Amphibious warfare

Amphibious warfare is a type of offensive military operation which uses naval ships to project ground and air military power onto a hostile or potentially hostile shore.    Through history the operations were conducted using ship’s boats as the primary method of delivering troops to shore. Since the Gallipoli Campaign specialised watercraft were increasingly designed for landing troops, materiel and vehicles, including by landing craft and for insertion of commandos, by fast patrol boats, zodiacs (rigid inflatable boats) and from mini-submersibles.
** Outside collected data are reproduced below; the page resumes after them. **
lemma diagonal_reality:
  fixes r :: real
  defines "s \<equiv> complex_of_real r"
  defines "H \<equiv> poly (complexify h) (s * s)"
  shows "poly \<gamma> s =
      cnj (poly \<alpha> s) * (s^3 * H^3) + cnj (poly \<beta> s) * (1 + s * s * H^2 + (s * s * H^2)^2)"
    and "poly \<delta> s = cnj (poly \<alpha> s) * (1 - s * s * H^2) - cnj (poly \<beta> s) * (s^3 * H^3)"
proof -
  have real: "cnj s = s" "cnj H = H"
    by (simp_all add: s_def H_def cnj_poly_complexify)
  have key: "poly \<alpha> s * ((1 - s * s * H^2) * cnj Y + s^3 * H^3 * cnj X)
      + poly \<beta> s * (- (s^3 * H^3) * cnj Y + (1 + s * s * H^2 + (s * s * H^2)^2) * cnj X)
      = cnj (poly \<gamma> s * X + poly \<delta> s * Y)" for X Y
  proof -
    have "psi_x (s, s, of_real e * ((1 - s * s * H^2) * cnj Y + s^3 * H^3 * cnj X),
          of_real e * (- (s^3 * H^3) * cnj Y + (1 + s * s * H^2 + (s * s * H^2)^2) * cnj X))
        = cnj (psi_y (s, s, of_real e * X, of_real e * Y))" for e
    proof -
      have "mu h (s, s, of_real e * X, of_real e * Y) =
          (s, s, of_real e * ((1 - s * s * H^2) * cnj Y + s^3 * H^3 * cnj X),
           of_real e * (- (s^3 * H^3) * cnj Y + (1 + s * s * H^2 + (s * s * H^2)^2) * cnj X))"
        using real by (simp add: mu_apply Let_def H_def algebra_simps)
      then show ?thesis
        using mu0_psi[of "(s, s, of_real e * X, of_real e * Y)"]
        by (simp add: psi_components mu0_def)
    qed
    from vertical_derivative_cnj[OF psi_x_derivative psi_y_derivative this] show ?thesis
      by (simp add: poly_diagonal_entries)
  qed
  have "poly \<gamma> s = cnj (poly \<alpha> s * (s^3 * H^3) + poly \<beta> s * (1 + s * s * H^2 + (s * s * H^2)^2))"
    "poly \<delta> s = cnj (poly \<alpha> s * (1 - s * s * H^2) - poly \<beta> s * (s^3 * H^3))"
    using arg_cong[OF key[of 1 0], of cnj] arg_cong[OF key[of 0 1], of cnj] by simp_all
  then show
    "poly \<gamma> s = cnj (poly \<alpha> s) * (s^3 * H^3) + cnj (poly \<beta> s) * (1 + s * s * H^2 + (s * s * H^2)^2)"
    "poly \<delta> s = cnj (poly \<alpha> s) * (1 - s * s * H^2) - cnj (poly \<beta> s) * (s^3 * H^3)"
    by (simp_all add: real)
qed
The term amphibious first emerged in the USA during the 1930s after design of the Landing Vehicle Tracked where the first prototypes were named Alligator and Crocodile, though neither species are amphibian. Amphibious warfare includes operations defined by their type, purpose, scale and means of execution. In the British Empire at the time these were called combined operations which were defines as “…operations where naval, military or air forces in any combination are co-operating with each other, working independently under their respective commanders, but with a common strategic object.”    All armed forces that employ troops with special training and equipment for conducting landings from naval vessels to shore agree to this definition.

Since the 20th century an amphibious landing of troops on a beachhead is acknowledged as the most complex of all military manoeuvres. The undertaking requires an intricate coordination of numerous military specialities, including air power, naval gunfire, naval transport, logistical planning, specialised equipment, land warfare, tactics, and extensive training in the nuances of this manoeuvre for all personnel involved.